Three branches possessing a resistance of 50 ohms an inductance of 0.5H and a capacitance of 100micri farads respectively are connected in parallel across a 100v 50Hz supply, calculate the in eact branch, the supply current and the phase angal the supply current and supply voltage

1 answer

To analyze the parallel circuit with the given parameters, we will begin by calculating the impedance of each branch, then find the current in each branch, the total current supplied, and the phase angle between the supply voltage and the total current.

Given Data

  • Voltage \( V = 100 , \text{V} \)
  • Frequency \( f = 50 , \text{Hz} \)
  • Resistance \( R = 50 , \Omega \)
  • Inductance \( L = 0.5 , \text{H} \)
  • Capacitance \( C = 100 , \mu\text{F} = 100 \times 10^{-6} , \text{F} \)

Step 1: Calculate Reactances

  1. Inductive Reactance \( X_L \): \[ X_L = 2 \pi f L = 2 \pi (50) (0.5) = 157.08 , \Omega \]

  2. Capacitive Reactance \( X_C \): \[ X_C = \frac{1}{2 \pi f C} = \frac{1}{2 \pi (50) (100 \times 10^{-6})} \approx 31.83 , \Omega \]

Step 2: Calculate the Impedance of Each Branch

  1. Impedance of the Resistance Branch (purely resistive): \[ Z_R = R = 50 , \Omega \]

  2. Impedance of the Inductive Branch: \[ Z_L = R + jX_L = 50 + j157.08 , \Omega \] \[ |Z_L| = \sqrt{50^2 + 157.08^2} \approx 165.5 , \Omega \]

  3. Impedance of the Capacitive Branch: \[ Z_C = R - jX_C = 50 - j31.83 , \Omega \] \[ |Z_C| = \sqrt{50^2 + 31.83^2} \approx 58.5 , \Omega \]

Step 3: Calculate Current in Each Branch

  1. Current through the Resistance Branch (\( I_R \)): \[ I_R = \frac{V}{Z_R} = \frac{100}{50} = 2 , A \]

  2. Current through the Inductive Branch (\( I_L \)): \[ I_L = \frac{V}{Z_L} = \frac{100}{165.5} \approx 0.604 , A \] The phase angle for this branch: \[ \phi_L = \tan^{-1}\left(\frac{X_L}{R}\right) = \tan^{-1}\left(\frac{157.08}{50}\right) \approx 72.34^\circ \]

  3. Current through the Capacitive Branch (\( I_C \)): \[ I_C = \frac{V}{Z_C} = \frac{100}{58.5} \approx 1.71 , A \] The phase angle for this branch: \[ \phi_C = -\tan^{-1}\left(\frac{X_C}{R}\right) = -\tan^{-1}\left(\frac{31.83}{50}\right) \approx -32.6^\circ \]

Step 4: Total Current Calculation

Since they are in parallel: \[ I_{total} = I_R + I_L + I_C \] To sum these currents, we will convert them into rectangular form based on their phase angles.

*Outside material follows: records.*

definition step ::
  "('l \<Rightarrow> ('l,'v,'r) lkind) \<Rightarrow> ('l,'v) scheduler \<Rightarrow> ('l,'v) config list
     \<Rightarrow> ('r \<Rightarrow> real) \<times> real \<Rightarrow> ('l,'v) config" where
  "step K \<sigma> hs uc =
     (let l = fst (last hs); v = snd (last hs); u = fst uc; c = snd uc in
      case K l of
        Assign l' F \<Rightarrow> (l', F v u)
      | Branch \<phi> l1 l2 \<Rightarrow> (if v \<in> \<phi> then l1 else l2, v)
      | Probab p l1 l2 \<Rightarrow> (if c < p then l1 else l2, v)
      | Nondet l1 l2 \<Rightarrow> (if \<sigma> hs then l1 else l2, v)
      | Tick R l' \<Rightarrow> (l', v)
      | Terminal \<Rightarrow> (l, v))"

primrec hist ::
  "('l \<Rightarrow> ('l,'v,'r) lkind) \<Rightarrow> ('l,'v) scheduler \<Rightarrow> 'l \<Rightarrow> ('v \<Rightarrow> real)
     \<Rightarrow> (nat \<Rightarrow> ('r \<Rightarrow> real) \<times> real) \<Rightarrow> nat \<Rightarrow> ('l,'v) config list" where
  "hist K \<sigma> lin v \<omega> 0 = [(lin, v)]"
| "hist K \<sigma> lin v \<omega> (Suc n) = hist K \<sigma> lin v \<omega> n @ [step K \<sigma> (hist K \<sigma> lin v \<omega> n) (\<omega> n)]"

definition run ::
  "('l \<Rightarrow> ('l,'v,'r) lkind) \<Rightarrow> ('l,'v) scheduler \<Rightarrow> 'l \<Rightarrow> ('v \<Rightarrow> real)
     \<Rightarrow> (nat \<Rightarrow> ('r \<Rightarrow> real) \<times> real) \<Rightarrow> nat \<Rightarrow> ('l,'v) config" where
  "run K \<sigma> lin v \<omega> n = last (hist K \<sigma> lin v \<omega> n)"

text \<open>Schedulers for which the run is a random variable (measurable choices).\<close>
definition admissible ::
  "('l \<Rightarrow> ('l,'v,'r::finite) lkind) \<Rightarrow> ('r \<Rightarrow> real measure) \<Rightarrow> 'l \<Rightarrow> ('v \<Rightarrow> real)
     \<Rightarrow> ('l,'v) scheduler \<Rightarrow> bool" where
  "admissible K \<mu> lin v \<sigma> \<longleftrightarrow>
     (\<forall>n. (\<lambda>\<omega>. \<sigma> (hist K \<sigma> lin v \<omega> n)) \<in> measurable (omega \<mu>) (count_space UNIV))"

definition cost :: "('l \<Rightarrow> ('l,'v,'r) lkind) \<Rightarrow> ('l,'v) config \<Rightarrow> real" where
  "cost K c = (case K (fst c) of Tick R l' \<Rightarrow> R (snd c) | _ \<Rightarrow> 0)"

definition total_cost ::
  "('l \<Rightarrow> ('l,'v,'r) lkind) \<Rightarrow> ('l,'v) scheduler \<Rightarrow> 'l \<Rightarrow> ('v \<Rightarrow> real)
     \<Rightarrow> (nat \<Rightarrow> ('r \<Rightarrow> real) \<times> real) \<Rightarrow> real" where
  "total_cost K \<sigma> lin v \<omega> = (\<Sum>m. cost K (run K \<sigma> lin v \<omega> m))"

definition expected_cost ::
  "('l \<Rightarrow> ('l,'v,'r::finite) lkind) \<Rightarrow> ('r \<Rightarrow> real measure) \<Rightarrow> ('l,'v) scheduler
     \<Rightarrow> 'l \<Rightarrow> ('v \<Rightarrow> real) \<Rightarrow> real" where
  "expected_cost K \<mu> \<sigma> lin v = (\<integral>\<omega>. total_cost K \<sigma> lin v \<omega> \<partial>omega \<mu>)"

definition supval ::
  "('l \<Rightarrow> ('l,'v,'r::finite) lkind) \<Rightarrow> ('r \<Rightarrow> real measure) \<Rightarrow> 'l \<Rightarrow> ('v \<Rightarrow> real) \<Rightarrow> ereal" where
  "supval K \<mu> lin v =
     (SUP \<sigma>\<in>{\<sigma>. admissible K \<mu> lin v \<sigma>}. ereal (expected_cost K \<mu> \<sigma> lin v))"

definition supp_real :: "real measure \<Rightarrow> real set" where
  "supp_real m = {x. \<forall>e>0. emeasure m {x - e<..<x + e} \<noteq> 0}"

definition sampled :: "('r \<Rightarrow> real measure) \<Rightarrow> ('r \<Rightarrow> real) set" where
  "sampled \<mu> = {u. \<forall>r. u r \<in> supp_real (\<mu> r)}"

inductive tstep :: "('l \<Rightarrow> ('l,'v,'r) lkind) \<Rightarrow> ('r \<Rightarrow> real measure)
    \<Rightarrow> ('l,'v) config \<Rightarrow> ('l,'v) config \<Rightarrow> bool" for K \<mu> where
  t_assign: "K l = Assign l' F \<Longrightarrow> u \<in> sampled \<mu> \<Longrightarrow> tstep K \<mu> (l, v) (l', F v u)"
| t_branch: "K l = Branch \<phi> l1 l2 \<Longrightarrow> tstep K \<mu> (l, v) (if v \<in> \<phi> then l1 else l2, v)"
| t_prob1: "K l = Probab p l1 l2 \<Longrightarrow> 0 < p \<Longrightarrow> tstep K \<mu> (l, v) (l1, v)"
| t_prob2: "K l = Probab p l1 l2 \<Longrightarrow> p < 1 \<Longrightarrow> tstep K \<mu> (l, v) (l2, v)"
| t_nd1: "K l = Nondet l1 l2 \<Longrightarrow> tstep K \<mu> (l, v) (l1, v)"
| t_nd2: "K l = Nondet l1 l2 \<Longrightarrow> tstep K \<mu> (l, v) (l2, v)"
| t_tick: "K l = Tick R l' \<Longrightarrow> tstep K \<mu> (l, v) (l', v)"
| t_term: "K l = Terminal \<Longrightarrow> tstep K \<mu> (l, v) (l, v)"

definition polyhedron_val :: "('v::finite \<Rightarrow> real) set \<Rightarrow> bool" where
  "polyhedron_val P \<longleftrightarrow>
     (\<exists>C :: (('v \<Rightarrow> real) \<times> real) set. finite C \<and>
        P = {v. \<forall>(a, b)\<in>C. (\<Sum>x\<in>UNIV. a x * v x) \<le> b})"

definition union_polyhedra :: "('v::finite \<Rightarrow> real) set \<Rightarrow> bool" where
  "union_polyhedra S \<longleftrightarrow>
     (\<exists>\<P>. finite \<P> \<and> (\<forall>P\<in>\<P>. polyhedron_val P) \<and> S = \<Union>\<P>)"

definition linear_invariant ::
  "('l \<Rightarrow> ('l,'v::finite,'r) lkind) \<Rightarrow> ('r \<Rightarrow> real measure) \<Rightarrow> 'l
     \<Rightarrow> ('l \<Rightarrow> ('v \<Rightarrow> real) set) \<Rightarrow> bool" where
  "linear_invariant K \<mu> lin I \<longleftrightarrow>
     (\<forall>l. union_polyhedra (I l)) \<and>
     (\<forall>v\<in>I lin. \<forall>l w. (tstep K \<mu>)\<^sup>*\<^sup>* (lin, v) (l, w) \<longrightarrow> w \<in> I l)"

definition pre_exp ::
  "('l \<Rightarrow> ('l,'v,'r::finite) lkind) \<Rightarrow> ('r \<Rightarrow> real measure)
     \<Rightarrow> ('l \<Rightarrow> ('v \<Rightarrow> real) \<Rightarrow> real) \<Rightarrow> 'l \<Rightarrow> ('v \<Rightarrow> real) \<Rightarrow> real" where
  "pre_exp K \<mu> h l v =
     (case K l of
        Terminal \<Rightarrow> h l v
      | Assign l' F \<Rightarrow> (\<integral>u. h l' (F v u) \<partial>samp \<mu>)
      | Branch \<phi> l1 l2 \<Rightarrow> (if v \<in> \<phi> then h l1 v else h l2 v)
      | Probab p l1 l2 \<Rightarrow> p * h l1 v + (1 - p) * h l2 v
      | Tick R l' \<Rightarrow> R v + h l' v
      | Nondet l1 l2 \<Rightarrow> max (h l1 v) (h l2 v))"

definition plcs ::
  "('l \<Rightarrow> ('l,'v::finite,'r::finite) lkind) \<Rightarrow> ('r \<Rightarrow> real measure) \<Rightarrow> ('l \<Rightarrow> ('v \<Rightarrow> real) set)
     \<Rightarrow> 'l \<Rightarrow> nat \<Rightarrow> ('l \<Rightarrow> ('v \<Rightarrow> real) \<Rightarrow> real) \<Rightarrow> bool" where
  "plcs K \<mu> I lout d h \<longleftrightarrow>
     (\<forall>l. poly_fun d (h l)) \<and>
     (\<forall>v. h lout v = 0) \<and>
     (\<forall>l v. l \<noteq> lout \<longrightarrow> v \<in> I l \<longrightarrow> pre_exp K \<mu> h l v \<ge> h l v)"

definition concentration ::
  "('l \<Rightarrow> ('l,'v,'r::finite) lkind) \<Rightarrow> ('r \<Rightarrow> real measure) \<Rightarrow> 'l \<Rightarrow> 'l
     \<Rightarrow> ('l \<Rightarrow> ('v \<Rightarrow> real) set) \<Rightarrow> bool" where
  "concentration K \<mu> lin lout I \<longleftrightarrow>
     (\<forall>v\<in>I lin. \<exists>a b. a > 0 \<and> b > 0 \<and>
        (\<exists>N. \<forall>n\<ge>N. \<forall>\<sigma>. admissible K \<mu> lin v \<sigma> \<longrightarrow>
           measure (omega \<mu>)
             {\<omega>\<in>space (omega \<mu>). \<forall>m\<le>n. fst (run K \<sigma> lin v \<omega> m) \<noteq> lout}
           \<le> a * exp (- b * real n)))"

definition bounded_update ::
  "('l \<Rightarrow> ('l,'v,'r) lkind) \<Rightarrow> ('r \<Rightarrow> real measure) \<Rightarrow> ('l \<Rightarrow> ('v \<Rightarrow> real) set) \<Rightarrow> bool" where
  "bounded_update K \<mu> I \<longleftrightarrow>
     (\<exists>M>0. \<forall>l l' F. K l = Assign l' F \<longrightarrow>
        (\<forall>v\<in>I l. \<forall>u\<in>sampled \<mu>. \<forall>x. \<bar>F v u x - v x\<bar> \<le> M))"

  1. Convert to Rectangular Form:

    • \( I_R = 2 + j0 \)
    • \( I_L = 0.604 (\cos 72.34^\circ + j \sin 72.34^\circ) \approx 0.604 (0.307 + j0.951) \approx 0.185 + j0.574 \)
    • \( I_C = 1.71 (\cos(-32.6^\circ) + j \sin(-32.6^\circ)) \approx 1.71 (0.848 - j0.54) \approx 1.45 - j0.92 \)
  2. Add the currents together: \[ I_{total} = (2 + 0.185 + 1.45) + j(0 + 0.574 - 0.92) = 3.635 + j(-0.346) \] Therefore, \[ |I_{total}| = \sqrt{(3.635)^2 + (-0.346)^2} \approx 3.637 , A \]

Step 5: Calculate the Phase Angle of the Total Current

\[ \phi_{total} = \tan^{-1}\left(\frac{-0.346}{3.635}\right) \approx -5.4^\circ \]

Summary of Results

  1. Branch Currents:

    • \( I_R = 2 , A \) (0 degrees)
    • \( I_L \approx 0.604 , A \) (approx 72.34 degrees)
    • \( I_C \approx 1.71 , A \) (approx -32.6 degrees)
  2. Total Supply Current:

    • \( I_{total} \approx 3.637 , A \)
  3. Phase Angle of Total Current:

    • \( \phi_{total} \approx -5.4^\circ \)

The calculations shown involve estimation terms and numerical approximations; make sure to confirm with accurate values if needed for critical applications!